▶ [Data items]
Start of Block

lemma first_passage_path_append:
  assumes "pos_path P a ss" "b \<notin> set ss" "first_passage_path P (last (a # ss)) b tt"
  shows "first_passage_path P a b (ss @ tt)"
  using assms by (auto simp: first_passage_path_def pos_path_append butlast_append)

lemma trancl_imp_first_passage_path:
  assumes "(a, b) \<in> {(x, y). 0 < P x y}\<^sup>+"
  shows "\<exists>ss. first_passage_path P a b ss"
  using assms
proof (induction rule: converse_trancl_induct)
  case (base a)
  then show ?case by (auto simp: first_passage_path_def intro!: exI[of _ "[b]"])
next
  case (step a c)
  then obtain ss where ss: "first_passage_path P c b ss" by blast
  show ?case
  proof (cases "c = b")
    case True
    with step show ?thesis by (auto simp: first_passage_path_def intro!: exI[of _ "[b]"])
  next
    case False
    with step ss show ?thesis by (auto simp: first_passage_path_def intro!: exI[of _ "c # ss"])
  qed
qed

lemma rtrancl_imp_path_avoiding_source:
  assumes "(a, b) \<in> {(x, y). 0 < P x y}\<^sup>*"
  shows "\<exists>ss. pos_path P a ss \<and> last (a # ss) = b \<and> a \<notin> set ss"
  using assms
proof (induction rule: rtrancl_induct)
  case base
  show ?case by (auto intro!: exI[of _ "[]"])
next
  case (step c d)
  then obtain ss where ss: "pos_path P a ss" "last (a # ss) = c" "a \<notin> set ss" by blast
  show ?case
  proof (cases "d = a")
    case False
    with step ss show ?thesis by (auto simp: pos_path_append intro!: exI[of _ "ss @ [d]"])
  qed (auto intro!: exI[of _ "[]"])
qed

lemma potential_of_nonpos_excursions:
  fixes P :: "'a::finite \<Rightarrow> 'a \<Rightarrow> real" and w :: "'a \<Rightarrow> real"
  assumes irr: "irreducible_matrix P"
    and nonpos: "\<And>ss. first_passage_path P i i ss \<Longrightarrow> sum_list (map w ss) \<le> 0"
  obtains g where "\<And>j k. 0 < P j k \<Longrightarrow> g j + w k \<le> g k"
proof -
  define B where "B j = {ss. pos_path P i ss \<and> last (i # ss) = j \<and> i \<notin> set ss}" for j
  define g where "g j = Sup ((\<lambda>ss. sum_list (map w ss)) ` B j)" for j
  have reach: "(a, b) \<in> {(x, y). 0 < P x y}\<^sup>+" for a b
    using irr by (simp add: irreducible_matrix_def)
  have B_ne: "B j \<noteq> {}" for j
  proof -
    obtain ss where "pos_path P i ss" "last (i # ss) = j" "i \<notin> set ss"
      using rtrancl_imp_path_avoiding_source[OF trancl_into_rtrancl[OF reach]] by blast
    then show ?thesis unfolding B_def by blast
  qed
  have excursion: "first_passage_path P i i (ss @ tt)"
    if "ss \<in> B j" "first_passage_path P j i tt" for ss tt j
    using that first_passage_path_append[of P i ss i tt] unfolding B_def by blast
  have bdd: "bdd_above ((\<lambda>ss. sum_list (map w ss)) ` B j)" for j
  proof -
    obtain tt where tt: "first_passage_path P j i tt"
      using trancl_imp_first_passage_path[OF reach] by blast
    have "sum_list (map w ss) \<le> - sum_list (map w tt)" if "ss \<in> B j" for ss
      using nonpos[OF excursion[OF that tt]] by simp
    then show ?thesis by (intro bdd_aboveI2)
  qed
  have "g j + w k \<le> g k" if "0 < P j k" for j k
  proof -
    have "sum_list (map w ss) + w k \<le> g k" if "ss \<in> B j" for ss
    proof (cases "k = i")
      case True
      have "first_passage_path P j i [k]"
        using \<open>0 < P j k\<close> True by (simp add: first_passage_path_def)
      then have "sum_list (map w ss) + w k \<le> 0"
        using nonpos excursion[OF \<open>ss \<in> B j\<close>] by fastforce
      also have "0 \<le> g k"
      proof -
        have "[] \<in> B k" using True by (simp add: B_def)
        from cSup_upper[OF imageI[OF this] bdd] show ?thesis by (simp add: g_def)
      qed
      finally show ?thesis .
    next
      case False
      with that \<open>0 < P j k\<close> have "ss @ [k] \<in> B k" by (auto simp: B_def pos_path_append)
      then show ?thesis
        unfolding g_def by (rule cSup_upper2[OF imageI _ bdd]) simp
    qed
    then have "g j \<le> g k - w k"
      unfolding g_def[of j] using B_ne by (intro cSup_least) (auto simp: field_simps)
    then show ?thesis by simp
  qed
  then show thesis by (rule that)
qed

lemma stationary_weight_nonpos_of_potential:
  fixes P :: "'a::finite \<Rightarrow> 'a \<Rightarrow> real"
  assumes sto: "stochastic_matrix P" and sta: "stationary_distribution P \<pi>"
    and pot: "\<And>j k. 0 < P j k \<Longrightarrow> g j + w k \<le> g k"
  shows "(\<Sum>k\<in>UNIV. \<pi> k * w k) \<le> 0"
proof -
  have P_nonneg: "0 \<le> P j k" and P_rows: "(\<Sum>k\<in>UNIV. P j k) = 1" for j k
    using sto by (auto simp: stochastic_matrix_def)
  have \<pi>_nonneg: "0 \<le> \<pi> j" and \<pi>_stat: "(\<Sum>j\<in>UNIV. \<pi> j * P j k) = \<pi> k" for j k
    using sta by (auto simp: stationary_distribution_def)
  have stat_avg: "(\<Sum>j\<in>UNIV. \<Sum>k\<in>UNIV. \<pi> j * P j k * f k) = (\<Sum>k\<in>UNIV. \<pi> k * f k)" for f
  proof -
    have "(\<Sum>j\<in>UNIV. \<Sum>k\<in>UNIV. \<pi> j * P j k * f k) = (\<Sum>k\<in>UNIV. \<Sum>j\<in>UNIV. \<pi> j * P j k * f k)"
      by (rule sum.swap)
    also have "\<dots> = (\<Sum>k\<in>UNIV. (\<Sum>j\<in>UNIV. \<pi> j * P j k) * f k)"
      by (simp add: sum_distrib_right)
    finally show ?thesis by (simp add: \<pi>_stat)
  qed
  have row_avg: "(\<Sum>k\<in>UNIV. \<pi> j * P j k * c) = \<pi> j * c" for j c
  proof -
    have "(\<Sum>k\<in>UNIV. \<pi> j * P j k * c) = \<pi> j * c * (\<Sum>k\<in>UNIV. P j k)"
      by (simp add: sum_distrib_left mult_ac)
    then show ?thesis by (simp add: P_rows)
  qed
  have step: "\<pi> j * P j k * w k \<le> \<pi> j * P j k * g k - \<pi> j * P j k * g j" for j k
  proof (cases "P j k = 0")
    case False
    then have "w k \<le> g k - g j" using pot[of j k] P_nonneg[of j k] by simp
    then have "\<pi> j * P j k * w k \<le> \<pi> j * P j k * (g k - g j)"
      using P_nonneg[of j k] \<pi>_nonneg[of j] by (intro mult_left_mono) auto
    then show ?thesis by (simp add: right_diff_distrib)
  qed simp
  have "(\<Sum>k\<in>UNIV. \<pi> k * w k) = (\<Sum>j\<in>UNIV. \<Sum>k\<in>UNIV. \<pi> j * P j k * w k)"
    by (rule stat_avg[symmetric])
  also have "\<dots> \<le> (\<Sum>j\<in>UNIV. \<Sum>k\<in>UNIV. \<pi> j * P j k * g k - \<pi> j * P j k * g j)"
    by (intro sum_mono step)
  also have "\<dots> = (\<Sum>k\<in>UNIV. \<pi> k * g k) - (\<Sum>j\<in>UNIV. \<pi> j * g j)"
    by (simp add: sum_subtractf stat_avg row_avg)
  finally show ?thesis by simp
qed
(* Let $(M_1,M_2)$ be a state of a duplex network, fix $\ell\in\{1,2\}$, and let $\mathcal P=\big((v_0\xrightarrow{\ell_1}v_1),\dots,(v_{k-1}\xrightarrow{\ell_k}v_k)\big)$ be a CLAP (with chosen witness paths) of minimum length among all CLAPs with endpoints $(v_0,v_k)$. If there exist $i<j$ with $\ell_i=\ell_j=\ell$ such that the witness alternating paths of the $i$-th and $j$-th segments share at least one edge, then there exists another CLAP between $v_0$ and $v_k$ with strictly fewer segments.
   Context: A duplex network consists of directed graphs $G_1=(V,E_1)$, $G_2=(V,E_2)$ on a common finite node set $V$. For $\ell\in\{1,2\}$, $\mathcal B_\ell$ is the bipartite graph with vertex classes $V^+=\{v^+\}$, $V^-=\{v^-\}$ and an edge $\{u^+,v^-\}$ for each $(u,v)\in E_\ell$. A state is a pair of matchings $M_\ell$ in $\mathcal B_\ell$; $D_\ell=\{v\in V: v^-\text{ uncovered by }M_\ell\}$, $\mathrm{DD}_1=D_1\setminus D_2$, $\mathrm{DD}_2=D_2\setminus D_1$. An admissible segment $(u\xrightarrow{\ell}v)$ requires an $M_\ell$-alternating path (simple path in $\mathcal B_\ell$ alternating between $M_\ell$ and non-$M_\ell$ edges) between $u^-$ and $v^-$, called a witness path, and: for $\ell=1$, $u\in D_1$, $v\notin D_1$; for $\ell=2$, $u\notin D_2$, $v\in D_2$. A CLAP is a sequence of admissible segments $v_0\xrightarrow{\ell_1}v_1\cdots\xrightarrow{\ell_k}v_k$ with $v_0\in\mathrm{DD}_1$, $v_k\in\mathrm{DD}_2$, $\ell_{i+1}\ne\ell_i$ for all $i$, and $v_0,\dots,v_k$ pairwise distinct; its length is the number $k$ of segments. *)

theory Defs
  imports Main
begin

text \<open>Vertices of the bipartite graph B_l: Pl v is v^+, Mi v is v^-.\<close>
datatype 'v bvert = Pl 'v | Mi 'v

text \<open>The directed graph G_l is given by its arc set E :: ('v * 'v) set; the arc (u,v)
  corresponds to the undirected edge {u^+, v^-} of B_l.\<close>

definition bip_edge :: "('v \<times> 'v) set \<Rightarrow> 'v bvert \<Rightarrow> 'v bvert \<Rightarrow> bool" where
  "bip_edge E a b \<longleftrightarrow> (\<exists>u v. (u, v) \<in> E \<and> {a, b} = {Pl u, Mi v})"

definition is_matching :: "('v \<times> 'v) set \<Rightarrow> ('v \<times> 'v) set \<Rightarrow> bool" where
  "is_matching E M \<longleftrightarrow> M \<subseteq> E \<and>
     (\<forall>a b c d. (a, b) \<in> M \<and> (c, d) \<in> M \<and> (a = c \<or> b = d) \<longrightarrow> (a, b) = (c, d))"

text \<open>Uncovered minus-vertices: D = {v in V. v^- not covered by M}.\<close>
definition uncovered :: "'v set \<Rightarrow> ('v \<times> 'v) set \<Rightarrow> 'v set" where
  "uncovered V M = {v \<in> V. \<not> (\<exists>u. (u, v) \<in> M)}"
text \<open>
  The accepted parameters are i.i.d.\ with the law of \<open>\<theta>\<close> given \<open>\<parallel>S - s\<^sub>0\<parallel> \<le> \<delta>\<close>, so the
  mean of the ABC estimator is the quotient of the averages of \<open>\<phi>\<^sub>h\<close> and \<open>f\<^sub>S\<close> over the ball
  \<open>B(s\<^sub>0, \<delta>)\<close>. Averaging the second-order Taylor polynomial of a \<open>C\<^sup>3\<close> function \<open>g\<close> over
  the ball kills the linear and mixed quadratic terms by reflection symmetry, while each
  \<open>x\<^sub>b\<^sup>2\<close> averages to \<open>\<delta>\<^sup>2 / (q + 2)\<close>; hence the average of \<open>g\<close> is
  \<open>g s\<^sub>0 + \<Delta>g s\<^sub>0 \<delta>\<^sup>2 / (2 (q + 2)) + O(\<delta>\<^sup>3)\<close>. Expanding the quotient of the two
  averages gives the bias; the exceptional null set is \<open>{f\<^sub>S = 0}\<close>.
\<close>

section \<open>Continuous partial derivatives and Taylor's formula\<close>

lemma continuous_partial_increment:
  fixes u D :: "'b::euclidean_space \<Rightarrow> real"
  assumes "open U" "y \<in> U" "e > 0"
    and der: "\<And>z. z \<in> U \<Longrightarrow> ((\<lambda>t. u (z + t *\<^sub>R c)) has_real_derivative D z) (at 0)"
    and cont: "continuous_on U D"
  obtains d where "d > 0"
    "\<And>z \<tau>. z \<in> ball y d \<Longrightarrow> z + \<tau> *\<^sub>R c \<in> ball y d \<Longrightarrow>
       \<bar>u (z + \<tau> *\<^sub>R c) - u z - \<tau> * D y\<bar> \<le> e * \<bar>\<tau>\<bar>"
proof -
  have "isCont D y" using cont assms(1,2) by (simp add: continuous_on_eq_continuous_at)
  then obtain d1 where "d1 > 0" and d1: "\<And>z. dist z y < d1 \<Longrightarrow> dist (D z) (D y) < e"
    using \<open>e > 0\<close> unfolding continuous_at_eps_delta by blast
  obtain d2 where "d2 > 0" "ball y d2 \<subseteq> U" using assms(1,2) open_contains_ball by blast
  define d where "d = min d1 d2"
  show ?thesis
  proof (rule that[of d])
    show "d > 0" using \<open>d1 > 0\<close> \<open>d2 > 0\<close> by (simp add: d_def)
    fix z \<tau> assume z: "z \<in> ball y d" and z\<tau>: "z + \<tau> *\<^sub>R c \<in> ball y d"
    have seg: "z + t *\<^sub>R c \<in> ball y d" if "t \<in> closed_segment 0 \<tau>" for t
    proof -
      have "z + t *\<^sub>R c \<in> closed_segment z (z + \<tau> *\<^sub>R c)"
        using that by (auto simp: closed_segment_def algebra_simps)
      then show ?thesis using convex_ball convex_contains_segment z z\<tau> by blast
    qed
    let ?f = "\<lambda>t. u (z + t *\<^sub>R c) - t * D y"
    have "norm (?f \<tau> - ?f 0) \<le> e * norm (\<tau> - 0)"
    proof (rule field_differentiable_bound[OF convex_closed_segment])
      fix t assume t: "t \<in> closed_segment 0 \<tau>"
      have zt: "z + t *\<^sub>R c \<in> U" using seg[OF t] \<open>ball y d2 \<subseteq> U\<close> by (auto simp: d_def)
      have "((\<lambda>s. u (z + t *\<^sub>R c + s *\<^sub>R c)) has_real_derivative D (z + t *\<^sub>R c)) (at 0)"
        by (rule der[OF zt])
      then have "((\<lambda>s. u (z + (s + t) *\<^sub>R c)) has_real_derivative D (z + t *\<^sub>R c)) (at 0)"
        by (simp add: scaleR_add_left add_ac)
      then have "((\<lambda>s. u (z + s *\<^sub>R c)) has_real_derivative D (z + t *\<^sub>R c)) (at t)"
        using DERIV_shift[of "\<lambda>s. u (z + s *\<^sub>R c)" _ 0 t] by simp
      then have "(?f has_field_derivative D (z + t *\<^sub>R c) - D y) (at t)"
        by (rule DERIV_diff) (auto intro!: derivative_eq_intros)
      then show "(?f has_field_derivative D (z + t *\<^sub>R c) - D y) (at t within closed_segment 0 \<tau>)"
        by (simp add: has_field_derivative_at_within)
      show "norm (D (z + t *\<^sub>R c) - D y) \<le> e"
        using d1[of "z + t *\<^sub>R c"] seg[OF t] by (auto simp: d_def dist_commute dist_real_def)
    qed auto
    then show "\<bar>u (z + \<tau> *\<^sub>R c) - u z - \<tau> * D y\<bar> \<le> e * \<bar>\<tau>\<bar>" by simp
  qed
qed
lemma partial_deriv_coord_scaleR:
  fixes g :: "real^'n::finite \<Rightarrow> complex"
  assumes "g differentiable (at x)"
  shows "partial_deriv i (\<lambda>y. (y $ j) *\<^sub>R g y) x
       = (x $ j) *\<^sub>R partial_deriv i g x + (if j = i then g x else 0)"
proof -
  have "((\<lambda>t. (x + t *\<^sub>R axis i 1) $ j) has_field_derivative (if j = i then 1 else 0)) (at 0)"
    by (auto simp: axis_def intro!: derivative_eq_intros)
  from has_vector_derivative_scaleR[OF this has_vector_derivative_partial_deriv[OF assms]]
  have "((\<lambda>t. (x + t *\<^sub>R axis i 1) $ j *\<^sub>R g (x + t *\<^sub>R axis i 1)) has_vector_derivative
      ((x + 0 *\<^sub>R axis i 1) $ j *\<^sub>R partial_deriv i g x
        + (if j = i then 1 else 0) *\<^sub>R g (x + 0 *\<^sub>R axis i 1))) (at 0)" .
  from vector_derivative_at[OF this] show ?thesis
    unfolding partial_deriv_def[of i "\<lambda>y. (y $ j) *\<^sub>R g y"] by simp
qed

lemma differentiable_sum_list:
  fixes F :: "'c \<Rightarrow> 'a::real_normed_vector \<Rightarrow> 'b::real_normed_vector"
  assumes "\<And>l. l \<in> set L \<Longrightarrow> F l differentiable (at x)"
  shows "(\<lambda>y. \<Sum>l\<leftarrow>L. F l y) differentiable (at x)"
  using assms by (induction L) (auto intro!: differentiable_add)

lemma bounded_range_sum_list:
  fixes F :: "'c \<Rightarrow> 'a \<Rightarrow> 'b::real_normed_vector"
  assumes "\<And>l. l \<in> set L \<Longrightarrow> bounded (range (F l))"
  shows "bounded (range (\<lambda>x. \<Sum>l\<leftarrow>L. F l x))"
  using assms by (induction L) (auto intro!: bounded_plus_comp)

lemma partial_deriv_sum_list:
  assumes "smooth_fun f"
  shows "partial_deriv i (\<lambda>y. \<Sum>l\<leftarrow>L. iter_partial l f y) x = (\<Sum>l\<leftarrow>L. iter_partial (i # l) f x)"
proof (induction L)
  case Nil
  show ?case
    by (simp add: partial_deriv_zero_on_open[of UNIV])
next
  case (Cons l L)
  then show ?case
    using assms by (simp add: partial_deriv_add differentiable_sum_list smooth_fun_def)
qed

text \<open>Without symmetry of second derivatives the terms produced by the product rule cannot be
  collected, so they are kept as an unspecified list of iterated partial derivatives of \<open>f\<close>.\<close>

lemma iter_partial_coord_scaleR:
  assumes smooth: "smooth_fun f"
  shows "\<exists>L. iter_partial is (\<lambda>y. (y $ j) *\<^sub>R f y)
            = (\<lambda>x. (x $ j) *\<^sub>R iter_partial is f x + (\<Sum>l\<leftarrow>L. iter_partial l f x))"
proof (induction "is")
  case Nil
  show ?case
    by (intro exI[of _ "[]"]) simp
next
  case (Cons i "is")
  then obtain L where L: "iter_partial is (\<lambda>y. (y $ j) *\<^sub>R f y)
      = (\<lambda>x. (x $ j) *\<^sub>R iter_partial is f x + (\<Sum>l\<leftarrow>L. iter_partial l f x))"
    by blast
  have diff: "iter_partial l f differentiable (at x)" for l x
    using smooth by (simp add: smooth_fun_def)
  have "partial_deriv i (\<lambda>x. (x $ j) *\<^sub>R iter_partial is f x + (\<Sum>l\<leftarrow>L. iter_partial l f x)) x
      = (x $ j) *\<^sub>R iter_partial (i # is) f x
        + (\<Sum>l\<leftarrow>(if j = i then [is] else []) @ map (Cons i) L. iter_partial l f x)" for x
    using diff
    by (simp add: partial_deriv_add differentiable_sum_list bounded_linear_vec_nth
        bounded_linear_imp_differentiable partial_deriv_coord_scaleR partial_deriv_sum_list[OF smooth]
        comp_def)
  then show ?case
    by (intro exI[of _ "(if j = i then [is] else []) @ map (Cons i) L"]) (simp add: L fun_eq_iff)
qed

lemma monomial_fun_upd_Suc:
  "monomial (\<alpha>(j := Suc (\<alpha> j))) x = x $ j * monomial \<alpha> (x :: real^'n::finite)"
proof -
  have "monomial \<beta> x = x $ j ^ \<beta> j * (\<Prod>i\<in>UNIV - {j}. x $ i ^ \<beta> i)" for \<beta>
    unfolding monomial_def by (subst prod.remove[of _ j]) auto
  then show ?thesis
    by (simp add: mult.assoc)
qed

End of Block

▶ [EXERCISE REQUIREMENTS] Given the data above, transcribe exactly the lines from the one containing "by (rule DERIV_diff)" down to the one containing "j) *\<^sub>R g y) x", and no others.

▶ [WORKED SOLUTION]
        by (rule DERIV_diff) (auto intro!: derivative_eq_intros)
      then show "(?f has_field_derivative D (z + t *\<^sub>R c) - D y) (at t within closed_segment 0 \<tau>)"
        by (simp add: has_field_derivative_at_within)
      show "norm (D (z + t *\<^sub>R c) - D y) \<le> e"
        using d1[of "z + t *\<^sub>R c"] seg[OF t] by (auto simp: d_def dist_commute dist_real_def)
    qed auto
    then show "\<bar>u (z + \<tau> *\<^sub>R c) - u z - \<tau> * D y\<bar> \<le> e * \<bar>\<tau>\<bar>" by simp
  qed
qed
lemma partial_deriv_coord_scaleR:
  fixes g :: "real^'n::finite \<Rightarrow> complex"
  assumes "g differentiable (at x)"
  shows "partial_deriv i (\<lambda>y. (y $ j) *\<^sub>R g y) x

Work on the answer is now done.